Alternatively you can maintain separate cache directories based on the version
of hadrian e.g. the latest commit that changed the hadrian directory:
git rev-list -n1 HEAD -- ./hadrian
.
Relocatable Build Artifacts
We want to take advantage of the cloud cache regardless of the absolute filesystem path of the build directory and GHC source directory. Unfortunately some build artifacts depend on these paths. In other words, the build artifacts are not relocatable. This makes cloud builds impractical when the build and source paths are not held constant: it would result in poor cache utilization. Issue #16956 documents this problem further.
What This Means for GHC Developers
Compared with the make build system, potential issues are much more visible due to the fsatrace linting feature. Considering Hadrian is a port of the make system, now with may lint errors fixed, it’s reasonable to expect similar if not more confidence in Hadrian’s incremental builds as with make’s incremental builds. More confidence in incremental builds is a welcome improvement and the most impactful benefit of this work.

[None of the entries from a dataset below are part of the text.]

lemma AE_weight_bounds:
  "AE w in mu. \<forall>x. \<exists>N. \<forall>n > N. \<forall>V F.
     subgraph_box x n V F \<and> connected_graph V F \<and> ln (real n) \<le> real (card V) \<longrightarrow>
       abs_weight w F \<le> 39 * real (card F) \<and> (1/2) ^ 46 * real (card F) \<le> abs_weight w F"
proof -
  interpret prob_space mu
    by (rule prob_space_mu)
  have "AE w in mu. \<forall>x. eventually (\<lambda>n. w \<in> space mu - exceptional x n) sequentially"
    unfolding AE_all_countable
    by (intro allI borel_cantelli_AE1 sets_exceptional summable_measure_exceptional)
      (simp add: emeasure_eq_measure)
  then show ?thesis
  proof (rule AE_mp, intro AE_I2 impI allI)
    fix w x
    assume "\<forall>x. eventually (\<lambda>n. w \<in> space mu - exceptional x n) sequentially"
    then obtain N where N: "\<And>n. N \<le> n \<Longrightarrow> w \<in> space mu - exceptional x n"
      unfolding eventually_sequentially by blast
    show "\<exists>N. \<forall>n > N. \<forall>V F.
       subgraph_box x n V F \<and> connected_graph V F \<and> ln (real n) \<le> real (card V) \<longrightarrow>
         abs_weight w F \<le> 39 * real (card F) \<and> (1/2) ^ 46 * real (card F) \<le> abs_weight w F"
      using N weight_bounds_outside_exceptional by (meson less_imp_le)
  qed
qed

We can expect a similar level of confidence in cloud builds assuming that
hadrian rules are unchanged between builds. If you’re planning on running the
same builds multiple times then using the cloud build feature can benefit you.
Simply use the --share
command line option when running Hadrian (or
--share=DIR
to specify a cache location). Consider the use case of swapping
between build flavours. A simple solution would be to maintain separate build
directories per flavour, but you may not want to manage these directories
manually or perhaps you expect the flavours to share a significant amount of
build artifacts from the cloud build cache. Here I’ve run through all steps in
order with cloud build enabled then all steps again with cloud build disabled
(i.e. just as incremental builds). Before step 1, I always start with a clean
build and cache directory. You can see that cloud builds are much faster on the
second build:
Action (flavour) | Cloud Build Time | Non-Cloud Build Time | |
---|---|---|---|
1 | build a39a3cd663 (default) | 24m37.775s | 23m49.780s |
2 | build a39a3cd663 (quick) | 11m55.601s | 11m16.476s |
3 | build a39a3cd663 (default) | 1m23.450s | 18m58.530s |
4 | build a39a3cd663 (quick) | 1m 2.805s | 11m23.408s |
Conclusion
The project of supporting correct cloud builds resulted in numerous
accomplishments. The number of fsatrace lint error has been reduced from 400,000
to 90,000 thanks numerous bug fixes in Hadrian. We now have
greater confidence in incremental and cloud builds. GHC developers can benefit from
cloud builds locally in some narrow use cases, and they frequently benefit from
improved incremental builds. We’ve developed a clear vocabulary for reasoning
about the degrees of build system correctness and what these require. Use of the
fsatrace linting feature will be invaluable to understanding and fixing newly
surfaced Hadrian bugs in the future. GHC’s -include-cpp-deps
option was
implemented as part of this project, enabling more precise dependency tracking
in Hadrian and users’ build systems. This project also had a part to play in
recent ideas to simplify Haskell interface files (see issue
#16885).
Still, there is plenty of room to further improve incremental and cloud builds. This blog post is in part a call for help from the community. The remaining work is challenging and interesting, requires little compiler expertise, and yet can have a significant impact on GHC developers. #16926 is a top level “getting started” issue for continuing this project. Most of the remaining work is focused on resolving fsatrace lint errors summarized in issue #16400. That issue also explains how to get started using fsatrace linting. Specific issues of interest include:
- #16868 Unexpected CPP dependencies in later (non CPP) build stages of GHC.
- #16815 Undeclared
hs-boot
inputs when generating.dependencies
files. - #16983 Undeclared inputs
for
_build/generated/platformConstants/platformConstants
. - #16956 Some build artifacts are are sensitive to build directory location. This destroys cloud build cache utilization when using multiple build directories.
It’s highly recommended that you read through and contribute to the Developing Hadrian wiki page which goes into more detail about incremental and cloud build correctness.